何度やっても不思議で面白い。これで継ぎ目がわからないくらいピッタリと嵌まるのだから。
「これでよしっと。二つとも元に戻りました」
「確かにちゃんと嵌まっていますね。では魔道具は片付けさせて頂きます」
裏蓋をちゃんと元に戻したことを伝えると、ミーシャさんは箱の魔道具を鞄の中へ丁寧に仕舞い始めた。
二つの魔道具はこれにてお役御免ということだ。
もう触れる機会が無いのかと思うと少し寂しいね。
ミーシャさんの片付けを見届けたラティさんが、私達に向いて姿勢を正した。
「さて。これで査察は終了です。
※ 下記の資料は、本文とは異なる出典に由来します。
lemma Qpow_Suc_eq_sum:
  assumes "{y..w} \<subseteq> S" "finite S"
  shows "Qpow \<rho> (Suc j) w y = (\<Sum>u\<in>S. Qk \<rho> w u * Qpow \<rho> j u y)"
proof -
  have "Qpow \<rho> (Suc j) w y = (\<Sum>\<^sub>\<infinity>u\<in>S. Qk \<rho> w u * Qpow \<rho> j u y)"
  proof (simp, rule infsum_cong_neutral)
    fix u assume "u \<in> UNIV - S"
    then have "u \<notin> {y..w}" using assms(1) by blast
    then show "Qk \<rho> w u * Qpow \<rho> j u y = 0"
      by (auto simp: Qk_def Qpow_eq_0_if_less)
  qed auto
  then show ?thesis using assms(2) by simp
qed

lemma Qpow_1: "Qpow \<rho> (Suc 0) w y = Qk \<rho> w y"
proof -
  have "Qpow \<rho> (Suc 0) w y = (\<Sum>u\<in>insert y {y..w}. Qk \<rho> w u * Qpow \<rho> 0 u y)"
    by (rule Qpow_Suc_eq_sum) auto
  then show ?thesis by (simp add: if_distrib sum.delta cong: if_cong)
qed

lemma invQstar_solve_delta:
  assumes "0 < \<rho>" "\<rho> < 1"
  shows "invQstar_solve \<rho> a (\<lambda>v. if v = w then 1 else 0) u
       = Qk \<rho> w u - (1 - \<rho>) / \<rho> * Qk \<rho> w a * Qext \<rho> a u"
proof -
  have lhs: "invQstar_solve \<rho> a (\<lambda>v. if v = w then 1 else 0) u
       = \<rho> * (1 - \<rho>) powi (w - u - 1)
         * ((if u < w \<and> w \<le> a then 1 else 0) - (if a < w \<and> w \<le> u then 1 else 0))"
    unfolding invQstar_solve_def by (simp add: if_distrib algebra_simps cong: if_cong)
  have Qk_powi: "Qk \<rho> w y = (if y < w then \<rho> * (1 - \<rho>) powi (w - y - 1) else 0)" for y
    unfolding Qk_def by (auto simp: power_int_def)
  have "(1 - \<rho>) powi (w - a - 1) * (1 - \<rho>) powi (a - u - 1)
      = (1 - \<rho>) powi ((w - a - 1) + (a - u - 1))"
    by (rule power_int_add[symmetric]) (use assms in simp)
  also have "(w - a - 1) + (a - u - 1) = (w - u - 1) - 1" by simp
  finally have powi_sum: "(1 - \<rho>) * (1 - \<rho>) powi (w - a - 1) * (1 - \<rho>) powi (a - u - 1)
      = (1 - \<rho>) powi (w - u - 1)"
    using assms power_int_add_1'[of "1 - \<rho>" "w - u - 1 - 1"] by (simp add: mult.assoc)
  have "(1 - \<rho>) / \<rho> * (\<rho> * (1 - \<rho>) powi (w - a - 1)) * Qext \<rho> a u
      = \<rho> * ((1 - \<rho>) * (1 - \<rho>) powi (w - a - 1) * (1 - \<rho>) powi (a - u - 1))"
    using assms unfolding Qext_def by (simp add: field_simps)
  also have "\<dots> = \<rho> * (1 - \<rho>) powi (w - u - 1)"
    unfolding powi_sum ..
  finally show ?thesis
    unfolding lhs Qk_powi by auto
qed

lemma invQstar_solves_kernel_snoc:
  assumes "0 < \<rho>" "\<rho> < 1" "set as \<subseteq> {-R..R}" "z \<in> {-R..R}"
  shows "invQstar_solves_kernel \<rho> (as @ [a]) w z
       = (\<Sum>u\<in>{-R..R}. Qk \<rho> w u * invQstar_solves_kernel \<rho> as u z)
         - (1 - \<rho>) / \<rho> * Qk \<rho> w a * invQstar_solves \<rho> as (Qext \<rho> a) z"
proof -
  have delta: "invQstar_solve \<rho> a (\<lambda>v. if v = w then 1 else 0)
      = (\<lambda>u. Qk \<rho> w u - (1 - \<rho>) / \<rho> * Qk \<rho> w a * Qext \<rho> a u)"
    using invQstar_solve_delta[OF assms(1,2)] by (rule ext)
  have "invQstar_solves_kernel \<rho> (as @ [a]) w z
      = invQstar_solves \<rho> as (\<lambda>u. Qk \<rho> w u - (1 - \<rho>) / \<rho> * Qk \<rho> w a * Qext \<rho> a u) z"
    unfolding invQstar_solves_kernel_def invQstar_solves_append by (simp add: delta)
  also have "\<dots> = invQstar_solves \<rho> as (Qk \<rho> w) z
      - (1 - \<rho>) / \<rho> * Qk \<rho> w a * invQstar_solves \<rho> as (Qext \<rho> a) z"
    by (rule invQstar_solves_diff)
  also have "invQstar_solves \<rho> as (Qk \<rho> w) z
      = (\<Sum>u\<in>{-R..R}. Qk \<rho> w u * invQstar_solves_kernel \<rho> as u z)"
    using invQstar_solves_eq_sum[OF assms(3,4)] by (simp add: mult.commute)
  finally show ?thesis .
qed

lemma anchors_Suc:
  "k \<le> m \<Longrightarrow> anchors (Suc m) Y k = anchors m (\<lambda>i. Y (Suc i)) k"
  unfolding anchors_def by (intro map_cong) (auto simp: Suc_diff_le)

lemma anchors_Suc_self:
  "anchors (Suc m) Y (Suc m) = anchors m (\<lambda>i. Y (Suc i)) m @ [Y 1]"
  using anchors_Suc[of m m Y] by (simp add: anchors_def)

lemma anchors_add:
  "anchors (N1 + N2) Y (k + N2) = anchors N2 (\<lambda>i. Y (N1 + i)) N2 @ anchors N1 Y k"
proof -
  have "[0..<k + N2] = [0..<N2] @ [N2..<N2 + k]"
    using upt_add_eq_append[of 0 N2 k] by (simp add: add.commute)
  moreover have "map (\<lambda>i. Y (N1 + N2 - i)) [N2..<N2 + k] = anchors N1 Y k"
    unfolding anchors_def by (rule nth_equalityI) auto
  ultimately show ?thesis
    unfolding anchors_def by (auto intro: map_cong)
qed

lemma hfun_0_Suc:
  assumes "0 < \<rho>" "\<rho> < 1" "k \<le> m"
  shows "hfun \<rho> (Suc m) Y k 0 = hfun \<rho> m (\<lambda>i. Y (Suc i)) k 0"
  using assms by (simp add: hfun_0_eq anchors_Suc Suc_diff_le)

lemma Gfun_Suc:
  assumes "0 < \<rho>" "\<rho> < 1" "w \<in> {-R..R}" "Y ` {1..Suc m} \<subseteq> {-R..R}"
  shows "Gfun \<rho> Y (Suc m) w z
       = (\<Sum>u\<in>{-R..R}. Qk \<rho> w u * Gfun \<rho> (\<lambda>i. Y (Suc i)) m u z)
         + (1 - \<rho>) / \<rho> * Qk \<rho> w (Y 1) * hfun \<rho> (Suc m) Y m 0 z"
proof -
  define c where "c = (1 - \<rho>) / \<rho>"
  have "(\<Sum>u\<in>{-R..R}. Qk \<rho> w u * Gfun \<rho> (\<lambda>i. Y (Suc i)) m u z)
      = (\<Sum>k<m. c * (\<Sum>u\<in>{-R..R}. Qk \<rho> w u * Qpow \<rho> (m - k) u (Y (Suc (m - k))))
                  * hfun \<rho> m (\<lambda>i. Y (Suc i)) k 0 z)"
    unfolding Gfun_def c_def sum_distrib_left sum_distrib_right
    by (subst sum.swap) (simp add: mult_ac)
  also have "\<dots> = (\<Sum>k<m. c * Qpow \<rho> (Suc m - k) w (Y (Suc m - k)) * hfun \<rho> (Suc m) Y k 0 z)"
  proof (rule sum.cong[OF refl])
    fix k assume "k \<in> {..<m}"
    then have k: "Suc m - k = Suc (m - k)" "Suc (m - k) \<in> {1..Suc m}" "k \<le> m"
      by auto
    have "Y (Suc (m - k)) \<in> {-R..R}" using k(2) assms(4) by blast
    then have "(\<Sum>u\<in>{-R..R}. Qk \<rho> w u * Qpow \<rho> (m - k) u (Y (Suc (m - k))))
        = Qpow \<rho> (Suc m - k) w (Y (Suc m - k))"
      unfolding k(1) using assms(3)
      by (intro Qpow_Suc_eq_sum[symmetric]) auto
    then show "c * (\<Sum>u\<in>{-R..R}. Qk \<rho> w u * Qpow \<rho> (m - k) u (Y (Suc (m - k))))
                 * hfun \<rho> m (\<lambda>i. Y (Suc i)) k 0 z
             = c * Qpow \<rho> (Suc m - k) w (Y (Suc m - k)) * hfun \<rho> (Suc m) Y k 0 z"
      using hfun_0_Suc[OF assms(1,2) k(3)] by simp
  qed
  finally show ?thesis
    unfolding Gfun_def c_def by (simp del: Qpow.simps add: Qpow_1)
qed

lemma invQstar_solves_kernel_anchors:
  assumes "0 < \<rho>" "\<rho> < 1"
  shows "invQstar_solves_kernel \<rho> (anchors m Y m) w z = Qpow \<rho> m w z - Gfun \<rho> Y m w z"
proof (induction m arbitrary: Y w z)
  case 0
  then show ?case by (simp add: invQstar_solves_kernel_def anchors_def Gfun_def)
next
  case (Suc m)
  define Y' where "Y' i = Y (Suc i)" for i
  define as where "as = anchors m Y' m"
  obtain R where R: "insert w (insert z (set as \<union> Y ` {1..Suc m})) \<subseteq> {-R..R}"
    using finite_int_subset_interval[of "insert w (insert z (set as \<union> Y ` {1..Suc m}))"] by auto
  have "invQstar_solves_kernel \<rho> (anchors (Suc m) Y (Suc m)) w z
      = (\<Sum>u\<in>{-R..R}. Qk \<rho> w u * invQstar_solves_kernel \<rho> as u z)
        - (1 - \<rho>) / \<rho> * Qk \<rho> w (Y 1) * invQstar_solves \<rho> as (Qext \<rho> (Y 1)) z"
    unfolding anchors_Suc_self Y'_def[symmetric] as_def[symmetric]
    using R by (intro invQstar_solves_kernel_snoc assms) auto
  also have "(\<Sum>u\<in>{-R..R}. Qk \<rho> w u * invQstar_solves_kernel \<rho> as u z)
      = (\<Sum>u\<in>{-R..R}. Qk \<rho> w u * Qpow \<rho> m u z) - (\<Sum>u\<in>{-R..R}. Qk \<rho> w u * Gfun \<rho> Y' m u z)"
    unfolding as_def Suc.IH by (simp add: right_diff_distrib sum_subtractf)
  also have "(\<Sum>u\<in>{-R..R}. Qk \<rho> w u * Qpow \<rho> m u z) = Qpow \<rho> (Suc m) w z"
    using R by (intro Qpow_Suc_eq_sum[symmetric]) auto
  also have "invQstar_solves \<rho> as (Qext \<rho> (Y 1)) z = hfun \<rho> (Suc m) Y m 0 z"
    unfolding as_def Y'_def hfun_0_eq[OF assms] by (simp add: anchors_Suc)
  finally show ?case
    using Gfun_Suc[OF assms, of w R Y m z] R unfolding Y'_def by auto
qed
lemma Prime_ExtHist:
  assumes co: "causal_order E R"
  shows "Prime {f \<in> ExtHist E R I. dom f \<noteq> {}} = Hist E R I"
proof (intro equalityI subsetI)
  fix f assume prime: "f \<in> Prime {f \<in> ExtHist E R I. dom f \<noteq> {}}"
  let ?F = "{f |` down R x | x. x \<in> dom f}"
  have "f \<in> ExtHist E R I" using prime unfolding Prime_def by blast
  note F = ExtHist_join_of_restrictions[OF co this]
  have "?F \<subseteq> {f \<in> ExtHist E R I. dom f \<noteq> {}}"
    using F(1) Hist_subset_ExtHist[OF co] by (rule subset_trans)
  from prime this F(2) F(3)[symmetric] have "f \<in> ?F" by (rule PrimeD)
  with F(1) show "f \<in> Hist E R I" by blast
next
  fix f assume f: "f \<in> Hist E R I"
  then obtain x where x: "x \<in> E" "dom f = down R x" unfolding mem_Hist_iff by blast
  show "f \<in> Prime {f \<in> ExtHist E R I. dom f \<noteq> {}}"
  proof (rule PrimeI)
    show "f \<in> {f \<in> ExtHist E R I. dom f \<noteq> {}}" using f Hist_subset_ExtHist[OF co] by blast
  next
    fix F assume F: "F \<subseteq> {f \<in> ExtHist E R I. dom f \<noteq> {}}" "compatible F" "f = map_join F"
    have "x \<in> dom (map_join F)" using x mem_down_self[OF co] F(3) by simp
    then obtain g where g: "g \<in> F" "x \<in> dom g" unfolding dom_map_join by blast
    then have "dom g \<in> lowersets E R" using F(1) by (auto simp: mem_ExtHist_iff)
    then have "dom f \<subseteq> dom g" using x(2) g(2) by (simp add: down_subset_lowerset)
    moreover have "g \<subseteq>\<^sub>m f" using map_le_map_join[OF F(2) g(1)] F(3) by simp
    ultimately have "f \<subseteq>\<^sub>m g" unfolding map_le_def by (metis subsetD)
    with \<open>g \<subseteq>\<^sub>m f\<close> have "g = f" by (rule map_le_antisym)
    with g(1) show "f \<in> F" by simp
  qed
qed

theorem proposition8:
  fixes E :: "'a set" and I :: "'a \<Rightarrow> 'b set" and R R' :: "('a \<times> 'a) set"
  assumes "finite E"
    and "\<And>w. w \<in> E \<Longrightarrow> I w \<noteq> {} \<and> finite (I w)"
    and "causal_order E R" and "causal_order E R'"
  shows "ExtHist E R I \<inter> ExtHist E R' I = ExtHist E (order_join R R') I
         \<and> hist_join (Hist E R I) (Hist E R' I) = Hist E (order_join R R') I"
proof
  show ExtHist_join: "ExtHist E R I \<inter> ExtHist E R' I = ExtHist E (order_join R R') I"
    by (rule ExtHist_Int_ExtHist)
  have "Ext (Hist E R I) \<inter> Ext (Hist E R' I)
      = {f \<in> ExtHist E (order_join R R') I. dom f \<noteq> {}}"
    unfolding Ext_Hist[OF assms(3)] Ext_Hist[OF assms(4)] ExtHist_join[symmetric] by blast
  then show "hist_join (Hist E R I) (Hist E R' I) = Hist E (order_join R R') I"
    unfolding hist_join_def using Prime_ExtHist[OF causal_order_order_join[OF assms(3,4)]] by simp
qed

end
lemma tail_cross_integral_eq_pi_imp_rotation:
  assumes "tail_cross_integral g = pi"
  obtains c N where "negligible N" "\<And>s. s \<in> {0..pi} - N \<Longrightarrow> g s = exp (\<i> * of_real (s + c))"
proof -
  define H where "H = centred_tail g"
  have "integral {0..pi} (\<lambda>s. (cmod (H s - \<i> * g s))\<^sup>2) = 0"
    and norm_sq: "integral {0..pi} (\<lambda>s. (cmod (g s))\<^sup>2) = pi"
    using assms integral_norm_sq_le_pi integral_rotation_defect_nonneg integral_norm_sq_centred_tail_le
    unfolding tail_cross_integral_eq_norms H_def by argo+
  then have "negligible {s \<in> {0..pi}. (cmod (H s - \<i> * g s))\<^sup>2 \<noteq> 0}"
    using tail_cross_integrands_absolutely_integrable(3)
    by (intro negligible_nonzero_of_integral_eq_0) (auto simp: H_def intro: AE_I2)
  then obtain N where N: "negligible N" and g_eq: "\<And>s. s \<in> {0..pi} - N \<Longrightarrow> g s = - \<i> * H s"
    by (auto intro: that[of "{s \<in> {0..pi}. (cmod (H s - \<i> * g s))\<^sup>2 \<noteq> 0}"])
  have g_rot: "g s = exp (\<i> * of_real s) * (- \<i> * H 0)" if "s \<in> {0..pi} - N" for s
    using g_eq[OF that] centred_tail_exp_of_rotation[OF N g_eq[unfolded H_def], of s] that
    by (simp add: H_def)
  have "integral {0..pi} (\<lambda>_. (cmod (- \<i> * H 0))\<^sup>2) = integral {0..pi} (\<lambda>s. (cmod (g s))\<^sup>2)"
    by (rule integral_spike[OF N]) (simp add: g_rot norm_mult)
  then have "(cmod (- \<i> * H 0))\<^sup>2 = 1"
    using norm_sq by simp
  then have unit: "cmod (- \<i> * H 0) = 1"
    by (smt (verit) norm_ge_zero power2_eq_1_iff)
  define c where "c = Arg (- \<i> * H 0)"
  from unit have "- \<i> * H 0 \<noteq> 0"
    by auto
  then have "exp (\<i> * of_real c) = sgn (- \<i> * H 0)"
    unfolding c_def by (simp add: cis_Arg flip: cis_conv_exp)
  also have "\<dots> = - \<i> * H 0"
    using unit by (simp add: sgn_div_norm)
  finally have "exp (\<i> * of_real c) = - \<i> * H 0" .
  then have "g s = exp (\<i> * of_real (s + c))" if "s \<in> {0..pi} - N" for s
    using g_rot[OF that] by (simp add: distrib_left exp_add)
  with N show ?thesis
    by (rule that)
qed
ご協力感謝します」
まだ何か聞かれるかもと思っていたが、どうやらもう終わりのようだ。
立ち上がって頭を下げるラミアノさんを横で見て、私も一緒に頭を下げる。
査察は時間にして30分も経っていないし、それほど多くを聞かれたわけでもない。
しかし気を抜くタイミングが一切無く、私は常に緊張の糸を張っていた。
ラティさんが立ち上がりくるりと部屋の入口に向くと、入口の前に立っていた女性の護衛官リマリエさんは素早く扉を開ける。もちろん護衛主をお通しするためだ。
部屋からラティさん、ミーシャさん、そして護衛の方々が順に退出していく。
私達はその間、ずっと頭を下げ続けていた。
パタンと部屋の扉が閉められ、やがて廊下の足音が完全に聞こえなくなって、そこでようやく私達は頭を上げたのだった。